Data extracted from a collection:
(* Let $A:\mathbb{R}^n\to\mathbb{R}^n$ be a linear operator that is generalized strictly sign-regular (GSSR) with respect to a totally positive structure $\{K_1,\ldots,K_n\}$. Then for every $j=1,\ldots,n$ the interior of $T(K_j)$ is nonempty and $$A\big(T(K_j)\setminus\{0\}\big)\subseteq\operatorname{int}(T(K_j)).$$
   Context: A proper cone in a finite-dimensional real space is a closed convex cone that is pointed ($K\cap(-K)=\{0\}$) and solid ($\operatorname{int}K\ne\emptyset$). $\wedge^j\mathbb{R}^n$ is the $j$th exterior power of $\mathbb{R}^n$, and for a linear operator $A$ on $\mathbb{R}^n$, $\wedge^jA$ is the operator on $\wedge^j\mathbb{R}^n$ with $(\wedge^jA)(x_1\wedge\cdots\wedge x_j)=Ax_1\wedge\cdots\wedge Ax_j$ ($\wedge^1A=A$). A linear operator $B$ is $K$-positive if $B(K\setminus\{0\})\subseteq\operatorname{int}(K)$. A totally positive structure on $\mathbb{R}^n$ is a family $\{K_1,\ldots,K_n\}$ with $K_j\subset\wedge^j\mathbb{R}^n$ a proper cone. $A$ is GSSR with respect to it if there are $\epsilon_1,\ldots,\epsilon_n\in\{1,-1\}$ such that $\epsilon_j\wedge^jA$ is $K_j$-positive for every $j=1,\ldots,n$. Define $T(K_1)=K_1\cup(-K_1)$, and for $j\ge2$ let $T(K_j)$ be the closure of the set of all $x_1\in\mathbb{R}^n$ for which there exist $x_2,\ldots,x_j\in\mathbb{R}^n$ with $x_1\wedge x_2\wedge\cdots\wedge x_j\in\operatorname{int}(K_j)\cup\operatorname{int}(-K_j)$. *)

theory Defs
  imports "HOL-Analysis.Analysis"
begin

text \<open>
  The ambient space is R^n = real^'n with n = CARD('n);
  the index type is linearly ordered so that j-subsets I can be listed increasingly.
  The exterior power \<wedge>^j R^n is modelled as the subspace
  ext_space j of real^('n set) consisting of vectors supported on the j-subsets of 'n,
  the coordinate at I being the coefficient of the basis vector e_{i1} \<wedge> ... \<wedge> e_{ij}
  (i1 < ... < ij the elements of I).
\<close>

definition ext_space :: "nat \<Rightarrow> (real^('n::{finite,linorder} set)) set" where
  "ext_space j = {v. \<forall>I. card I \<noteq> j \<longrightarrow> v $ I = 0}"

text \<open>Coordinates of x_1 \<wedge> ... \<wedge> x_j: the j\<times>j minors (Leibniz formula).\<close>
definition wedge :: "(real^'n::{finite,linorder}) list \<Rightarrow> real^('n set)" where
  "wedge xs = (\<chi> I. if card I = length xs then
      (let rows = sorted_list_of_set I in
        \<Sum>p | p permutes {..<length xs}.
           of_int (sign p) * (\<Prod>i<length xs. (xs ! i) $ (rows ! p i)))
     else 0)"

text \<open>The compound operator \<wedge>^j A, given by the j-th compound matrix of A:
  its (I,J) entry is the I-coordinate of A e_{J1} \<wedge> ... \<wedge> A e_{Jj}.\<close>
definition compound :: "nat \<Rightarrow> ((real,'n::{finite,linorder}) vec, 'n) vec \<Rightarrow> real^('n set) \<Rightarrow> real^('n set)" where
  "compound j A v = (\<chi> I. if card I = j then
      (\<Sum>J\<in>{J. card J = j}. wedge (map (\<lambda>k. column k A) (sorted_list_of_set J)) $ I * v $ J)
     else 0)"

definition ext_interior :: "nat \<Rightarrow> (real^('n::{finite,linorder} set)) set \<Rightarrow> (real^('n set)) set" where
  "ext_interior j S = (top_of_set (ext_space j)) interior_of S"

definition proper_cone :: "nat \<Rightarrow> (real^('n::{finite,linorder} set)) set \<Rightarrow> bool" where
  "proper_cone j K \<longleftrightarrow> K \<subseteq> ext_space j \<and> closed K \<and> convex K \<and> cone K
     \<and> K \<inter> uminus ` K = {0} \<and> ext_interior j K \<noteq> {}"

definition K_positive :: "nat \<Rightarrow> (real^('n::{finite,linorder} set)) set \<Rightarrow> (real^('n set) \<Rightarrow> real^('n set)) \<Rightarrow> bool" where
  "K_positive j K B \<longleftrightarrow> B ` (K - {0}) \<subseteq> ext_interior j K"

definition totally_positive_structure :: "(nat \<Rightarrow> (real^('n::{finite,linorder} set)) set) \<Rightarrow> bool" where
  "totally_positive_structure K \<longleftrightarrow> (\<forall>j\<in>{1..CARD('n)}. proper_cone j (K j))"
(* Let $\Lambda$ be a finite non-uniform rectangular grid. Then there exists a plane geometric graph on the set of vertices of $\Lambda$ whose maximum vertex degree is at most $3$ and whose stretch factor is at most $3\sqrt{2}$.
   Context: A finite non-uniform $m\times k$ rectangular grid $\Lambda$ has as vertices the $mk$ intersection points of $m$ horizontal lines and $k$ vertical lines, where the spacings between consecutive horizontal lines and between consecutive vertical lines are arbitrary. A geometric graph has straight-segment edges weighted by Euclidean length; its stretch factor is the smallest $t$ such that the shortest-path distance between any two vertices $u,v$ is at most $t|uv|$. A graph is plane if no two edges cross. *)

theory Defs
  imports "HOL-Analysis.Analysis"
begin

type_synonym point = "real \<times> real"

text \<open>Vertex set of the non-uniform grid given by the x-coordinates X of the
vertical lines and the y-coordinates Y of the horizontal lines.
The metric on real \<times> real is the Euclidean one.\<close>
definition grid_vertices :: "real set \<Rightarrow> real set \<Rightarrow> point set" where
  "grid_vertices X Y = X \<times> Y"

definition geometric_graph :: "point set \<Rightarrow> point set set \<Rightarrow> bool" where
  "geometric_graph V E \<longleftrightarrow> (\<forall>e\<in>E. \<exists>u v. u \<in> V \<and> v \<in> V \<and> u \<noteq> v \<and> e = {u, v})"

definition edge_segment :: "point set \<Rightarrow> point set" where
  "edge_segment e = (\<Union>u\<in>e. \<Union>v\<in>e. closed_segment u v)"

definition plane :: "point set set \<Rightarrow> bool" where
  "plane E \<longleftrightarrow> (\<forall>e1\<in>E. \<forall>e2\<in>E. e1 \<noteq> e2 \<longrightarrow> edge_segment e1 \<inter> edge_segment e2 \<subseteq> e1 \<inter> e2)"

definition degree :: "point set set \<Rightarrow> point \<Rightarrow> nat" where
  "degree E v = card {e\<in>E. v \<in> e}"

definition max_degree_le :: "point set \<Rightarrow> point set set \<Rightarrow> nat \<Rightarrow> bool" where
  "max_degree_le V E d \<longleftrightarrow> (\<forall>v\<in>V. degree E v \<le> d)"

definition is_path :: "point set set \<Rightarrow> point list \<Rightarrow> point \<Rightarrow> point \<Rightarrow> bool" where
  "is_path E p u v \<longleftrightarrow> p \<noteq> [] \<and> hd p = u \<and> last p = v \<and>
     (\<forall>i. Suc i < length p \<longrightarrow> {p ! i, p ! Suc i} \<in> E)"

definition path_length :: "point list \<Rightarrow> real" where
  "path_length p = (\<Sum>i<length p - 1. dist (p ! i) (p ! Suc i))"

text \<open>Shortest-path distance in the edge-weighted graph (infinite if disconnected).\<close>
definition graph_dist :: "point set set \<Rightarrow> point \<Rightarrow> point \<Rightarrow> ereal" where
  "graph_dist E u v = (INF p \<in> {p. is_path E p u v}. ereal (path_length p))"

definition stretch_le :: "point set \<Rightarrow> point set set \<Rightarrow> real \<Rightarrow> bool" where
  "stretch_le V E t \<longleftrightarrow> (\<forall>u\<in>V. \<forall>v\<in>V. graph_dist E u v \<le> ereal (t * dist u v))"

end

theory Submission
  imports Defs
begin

--- TASK TO CARRY OUT ---
Starting at the line above that holds "(\<forall>i. Suc i" and ending at the line that holds "set \<Rightarrow> point \<Rightarrow> point", transcribe each line exactly and include no other lines.

--- EXERCISE ANSWER ---
     (\<forall>i. Suc i < length p \<longrightarrow> {p ! i, p ! Suc i} \<in> E)"

definition path_length :: "point list \<Rightarrow> real" where
  "path_length p = (\<Sum>i<length p - 1. dist (p ! i) (p ! Suc i))"

text \<open>Shortest-path distance in the edge-weighted graph (infinite if disconnected).\<close>
definition graph_dist :: "point set set \<Rightarrow> point \<Rightarrow> point \<Rightarrow> ereal" where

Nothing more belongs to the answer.